Look through the data below for the string "also", and copy every line where it turns up.

Saved data entries ::
....

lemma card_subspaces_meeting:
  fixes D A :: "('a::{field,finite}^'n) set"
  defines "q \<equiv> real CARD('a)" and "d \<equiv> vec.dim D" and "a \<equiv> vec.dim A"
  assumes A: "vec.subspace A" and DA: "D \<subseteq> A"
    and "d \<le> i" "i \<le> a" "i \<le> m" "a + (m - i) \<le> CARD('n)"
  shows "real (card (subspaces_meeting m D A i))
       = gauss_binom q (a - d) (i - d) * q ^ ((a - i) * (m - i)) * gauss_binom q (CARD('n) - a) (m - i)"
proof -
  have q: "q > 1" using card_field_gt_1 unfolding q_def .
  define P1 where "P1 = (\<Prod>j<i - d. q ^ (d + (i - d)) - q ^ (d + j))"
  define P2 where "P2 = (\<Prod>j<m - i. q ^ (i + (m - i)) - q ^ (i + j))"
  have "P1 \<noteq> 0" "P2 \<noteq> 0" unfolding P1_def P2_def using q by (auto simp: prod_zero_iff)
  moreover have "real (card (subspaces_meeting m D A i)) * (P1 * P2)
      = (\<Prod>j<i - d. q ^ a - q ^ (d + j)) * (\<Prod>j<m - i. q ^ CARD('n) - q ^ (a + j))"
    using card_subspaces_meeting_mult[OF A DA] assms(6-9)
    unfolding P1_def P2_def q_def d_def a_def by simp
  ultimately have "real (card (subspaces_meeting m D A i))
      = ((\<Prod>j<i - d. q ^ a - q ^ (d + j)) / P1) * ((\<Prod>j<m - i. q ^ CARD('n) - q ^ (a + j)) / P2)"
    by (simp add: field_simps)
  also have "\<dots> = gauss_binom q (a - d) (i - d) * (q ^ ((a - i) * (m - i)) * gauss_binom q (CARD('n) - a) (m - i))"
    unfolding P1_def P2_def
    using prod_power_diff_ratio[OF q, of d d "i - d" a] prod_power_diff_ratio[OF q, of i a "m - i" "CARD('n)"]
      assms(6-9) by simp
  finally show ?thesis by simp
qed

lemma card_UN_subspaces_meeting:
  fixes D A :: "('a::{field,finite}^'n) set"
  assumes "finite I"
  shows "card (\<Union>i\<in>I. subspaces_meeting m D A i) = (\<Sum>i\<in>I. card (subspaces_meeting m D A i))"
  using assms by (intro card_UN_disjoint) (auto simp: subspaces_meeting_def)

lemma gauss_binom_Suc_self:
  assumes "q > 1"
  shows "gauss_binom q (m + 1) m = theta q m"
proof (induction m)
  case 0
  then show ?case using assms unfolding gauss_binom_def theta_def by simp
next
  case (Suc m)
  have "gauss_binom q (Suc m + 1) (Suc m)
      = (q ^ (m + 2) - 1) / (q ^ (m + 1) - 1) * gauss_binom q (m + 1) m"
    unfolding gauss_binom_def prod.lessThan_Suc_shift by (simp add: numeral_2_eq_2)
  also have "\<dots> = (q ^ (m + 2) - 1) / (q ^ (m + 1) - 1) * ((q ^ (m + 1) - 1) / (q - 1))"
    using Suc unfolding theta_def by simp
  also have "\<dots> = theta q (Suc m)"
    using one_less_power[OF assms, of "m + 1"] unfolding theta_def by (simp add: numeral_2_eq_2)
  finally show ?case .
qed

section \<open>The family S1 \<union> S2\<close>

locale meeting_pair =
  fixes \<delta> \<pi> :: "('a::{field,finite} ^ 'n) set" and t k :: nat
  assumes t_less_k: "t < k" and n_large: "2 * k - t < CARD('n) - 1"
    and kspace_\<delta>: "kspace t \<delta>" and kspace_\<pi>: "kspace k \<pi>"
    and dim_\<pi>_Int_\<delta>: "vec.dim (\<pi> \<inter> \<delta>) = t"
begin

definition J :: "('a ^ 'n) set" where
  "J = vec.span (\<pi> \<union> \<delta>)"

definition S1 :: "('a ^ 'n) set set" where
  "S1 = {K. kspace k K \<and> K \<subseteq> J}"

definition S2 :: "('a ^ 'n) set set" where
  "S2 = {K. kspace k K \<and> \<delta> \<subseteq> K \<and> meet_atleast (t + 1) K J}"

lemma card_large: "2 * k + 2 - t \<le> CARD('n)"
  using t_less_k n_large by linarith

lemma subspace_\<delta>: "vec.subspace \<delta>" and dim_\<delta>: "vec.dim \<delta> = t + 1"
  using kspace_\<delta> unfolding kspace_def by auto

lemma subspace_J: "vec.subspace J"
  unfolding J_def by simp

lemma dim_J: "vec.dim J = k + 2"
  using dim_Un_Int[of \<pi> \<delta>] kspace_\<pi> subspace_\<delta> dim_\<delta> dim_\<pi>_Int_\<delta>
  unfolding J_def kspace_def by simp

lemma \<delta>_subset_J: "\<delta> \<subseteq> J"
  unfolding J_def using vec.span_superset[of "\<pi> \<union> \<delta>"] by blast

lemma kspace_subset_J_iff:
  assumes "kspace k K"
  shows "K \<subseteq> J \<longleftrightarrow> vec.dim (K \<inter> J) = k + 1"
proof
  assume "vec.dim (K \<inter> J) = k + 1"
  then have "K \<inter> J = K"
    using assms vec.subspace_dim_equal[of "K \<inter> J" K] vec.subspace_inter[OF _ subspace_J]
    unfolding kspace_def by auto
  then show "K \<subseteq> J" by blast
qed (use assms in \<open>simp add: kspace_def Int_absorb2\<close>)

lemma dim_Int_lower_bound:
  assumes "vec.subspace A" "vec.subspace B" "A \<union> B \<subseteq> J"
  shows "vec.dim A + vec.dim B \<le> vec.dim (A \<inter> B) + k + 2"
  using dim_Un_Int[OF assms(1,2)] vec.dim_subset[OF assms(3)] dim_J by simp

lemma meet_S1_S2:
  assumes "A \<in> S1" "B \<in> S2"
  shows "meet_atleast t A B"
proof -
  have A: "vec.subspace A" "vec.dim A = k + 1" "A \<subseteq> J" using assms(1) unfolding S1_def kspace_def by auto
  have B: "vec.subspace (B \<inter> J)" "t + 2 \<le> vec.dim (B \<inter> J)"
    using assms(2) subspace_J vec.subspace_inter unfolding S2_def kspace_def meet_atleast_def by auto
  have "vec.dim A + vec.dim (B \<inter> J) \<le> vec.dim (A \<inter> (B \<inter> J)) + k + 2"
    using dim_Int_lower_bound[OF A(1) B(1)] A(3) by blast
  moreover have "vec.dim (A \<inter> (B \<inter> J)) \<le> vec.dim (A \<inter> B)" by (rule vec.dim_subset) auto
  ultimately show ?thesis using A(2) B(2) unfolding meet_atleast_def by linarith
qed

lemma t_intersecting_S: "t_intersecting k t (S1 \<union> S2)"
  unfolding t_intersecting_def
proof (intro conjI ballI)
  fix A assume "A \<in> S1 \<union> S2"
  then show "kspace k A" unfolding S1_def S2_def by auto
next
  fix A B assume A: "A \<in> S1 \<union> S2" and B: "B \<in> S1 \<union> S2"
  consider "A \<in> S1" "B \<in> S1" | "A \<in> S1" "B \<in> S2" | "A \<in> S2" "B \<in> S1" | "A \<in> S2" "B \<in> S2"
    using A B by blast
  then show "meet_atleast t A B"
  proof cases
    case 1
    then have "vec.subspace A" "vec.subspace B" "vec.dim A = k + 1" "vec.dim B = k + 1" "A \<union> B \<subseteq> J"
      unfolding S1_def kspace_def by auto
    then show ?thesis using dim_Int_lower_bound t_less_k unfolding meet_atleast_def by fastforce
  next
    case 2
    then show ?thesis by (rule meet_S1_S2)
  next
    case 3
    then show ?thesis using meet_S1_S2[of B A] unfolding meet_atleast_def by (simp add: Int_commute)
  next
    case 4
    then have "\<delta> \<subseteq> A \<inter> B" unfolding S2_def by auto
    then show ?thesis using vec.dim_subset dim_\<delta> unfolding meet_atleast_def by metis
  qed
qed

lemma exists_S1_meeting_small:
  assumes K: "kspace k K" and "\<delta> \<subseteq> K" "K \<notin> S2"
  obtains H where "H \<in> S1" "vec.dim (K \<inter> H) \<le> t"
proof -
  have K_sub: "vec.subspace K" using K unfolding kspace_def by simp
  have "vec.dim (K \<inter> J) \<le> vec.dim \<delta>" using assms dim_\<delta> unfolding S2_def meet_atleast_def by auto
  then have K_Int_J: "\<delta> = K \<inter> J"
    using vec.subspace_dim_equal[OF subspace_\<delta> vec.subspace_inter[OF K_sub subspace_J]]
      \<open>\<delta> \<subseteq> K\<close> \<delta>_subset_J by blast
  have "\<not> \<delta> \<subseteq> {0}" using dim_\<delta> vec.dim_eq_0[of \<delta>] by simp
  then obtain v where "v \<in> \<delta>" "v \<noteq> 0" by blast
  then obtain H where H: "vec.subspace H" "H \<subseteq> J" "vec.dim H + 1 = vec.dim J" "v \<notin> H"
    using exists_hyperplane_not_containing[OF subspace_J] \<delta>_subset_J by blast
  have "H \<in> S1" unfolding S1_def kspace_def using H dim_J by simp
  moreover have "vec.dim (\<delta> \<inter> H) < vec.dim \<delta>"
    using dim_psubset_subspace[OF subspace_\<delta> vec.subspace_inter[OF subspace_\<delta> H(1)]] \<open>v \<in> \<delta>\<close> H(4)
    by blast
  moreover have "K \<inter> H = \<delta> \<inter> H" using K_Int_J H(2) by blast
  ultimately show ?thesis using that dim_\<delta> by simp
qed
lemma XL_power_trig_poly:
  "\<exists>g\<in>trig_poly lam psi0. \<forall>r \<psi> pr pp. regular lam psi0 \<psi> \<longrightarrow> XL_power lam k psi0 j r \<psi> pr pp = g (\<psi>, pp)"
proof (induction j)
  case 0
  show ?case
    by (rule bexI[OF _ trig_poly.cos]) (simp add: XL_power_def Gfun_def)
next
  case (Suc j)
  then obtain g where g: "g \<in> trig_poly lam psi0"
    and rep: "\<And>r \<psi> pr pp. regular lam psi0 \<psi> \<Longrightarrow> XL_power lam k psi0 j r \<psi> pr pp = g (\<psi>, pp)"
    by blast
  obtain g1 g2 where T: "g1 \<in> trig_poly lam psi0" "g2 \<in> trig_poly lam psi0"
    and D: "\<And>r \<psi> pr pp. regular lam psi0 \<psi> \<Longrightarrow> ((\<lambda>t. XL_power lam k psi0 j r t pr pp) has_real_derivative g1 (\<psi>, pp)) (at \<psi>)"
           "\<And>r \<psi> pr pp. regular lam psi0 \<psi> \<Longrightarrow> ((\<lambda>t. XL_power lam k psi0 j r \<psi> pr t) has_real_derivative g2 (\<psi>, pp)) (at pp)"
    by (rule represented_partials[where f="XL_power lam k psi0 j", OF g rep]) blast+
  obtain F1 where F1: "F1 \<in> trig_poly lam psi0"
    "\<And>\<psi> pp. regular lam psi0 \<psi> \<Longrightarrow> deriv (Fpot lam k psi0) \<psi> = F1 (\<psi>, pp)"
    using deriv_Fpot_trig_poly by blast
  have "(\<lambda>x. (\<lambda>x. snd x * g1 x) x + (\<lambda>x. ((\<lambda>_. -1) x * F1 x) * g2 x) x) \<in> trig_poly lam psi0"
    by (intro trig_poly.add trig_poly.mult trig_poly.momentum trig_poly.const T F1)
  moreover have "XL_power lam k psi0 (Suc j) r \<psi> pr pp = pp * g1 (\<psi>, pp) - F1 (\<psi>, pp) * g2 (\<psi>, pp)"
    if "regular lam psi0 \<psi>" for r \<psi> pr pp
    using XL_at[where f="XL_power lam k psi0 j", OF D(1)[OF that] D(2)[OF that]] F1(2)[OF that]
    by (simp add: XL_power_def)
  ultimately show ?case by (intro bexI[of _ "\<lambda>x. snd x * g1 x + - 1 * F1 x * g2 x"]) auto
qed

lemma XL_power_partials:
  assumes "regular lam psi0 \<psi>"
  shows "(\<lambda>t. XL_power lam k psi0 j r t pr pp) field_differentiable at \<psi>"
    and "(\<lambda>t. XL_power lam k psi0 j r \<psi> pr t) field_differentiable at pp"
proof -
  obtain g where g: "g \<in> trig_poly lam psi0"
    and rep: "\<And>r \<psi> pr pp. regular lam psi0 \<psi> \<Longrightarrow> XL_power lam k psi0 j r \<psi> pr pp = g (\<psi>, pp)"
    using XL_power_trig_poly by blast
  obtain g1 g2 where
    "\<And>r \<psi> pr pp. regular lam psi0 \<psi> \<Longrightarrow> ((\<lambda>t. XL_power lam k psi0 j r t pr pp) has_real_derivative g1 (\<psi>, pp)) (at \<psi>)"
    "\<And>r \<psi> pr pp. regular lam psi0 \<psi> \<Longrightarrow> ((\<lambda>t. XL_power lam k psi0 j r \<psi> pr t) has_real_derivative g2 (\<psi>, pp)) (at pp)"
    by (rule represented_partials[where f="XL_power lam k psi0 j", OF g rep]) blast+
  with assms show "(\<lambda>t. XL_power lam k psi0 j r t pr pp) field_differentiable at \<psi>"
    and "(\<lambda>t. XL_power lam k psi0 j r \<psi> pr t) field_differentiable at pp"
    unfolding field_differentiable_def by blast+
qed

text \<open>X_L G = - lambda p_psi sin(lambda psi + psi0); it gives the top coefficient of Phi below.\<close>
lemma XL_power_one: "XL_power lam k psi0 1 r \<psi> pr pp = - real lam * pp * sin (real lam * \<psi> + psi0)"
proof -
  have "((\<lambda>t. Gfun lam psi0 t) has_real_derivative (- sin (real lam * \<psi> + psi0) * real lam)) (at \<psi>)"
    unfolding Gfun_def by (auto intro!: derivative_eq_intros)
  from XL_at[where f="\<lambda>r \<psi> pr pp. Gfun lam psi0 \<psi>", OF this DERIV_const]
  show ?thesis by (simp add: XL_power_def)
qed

....

Response below ::
  also have "\<dots> = gauss_binom q (a - d) (i - d) * (q ^ ((a - i) * (m - i)) * gauss_binom q (CARD('n) - a) (m - i))"
  also have "\<dots> = (q ^ (m + 2) - 1) / (q ^ (m + 1) - 1) * ((q ^ (m + 1) - 1) / (q - 1))"
  also have "\<dots> = theta q (Suc m)"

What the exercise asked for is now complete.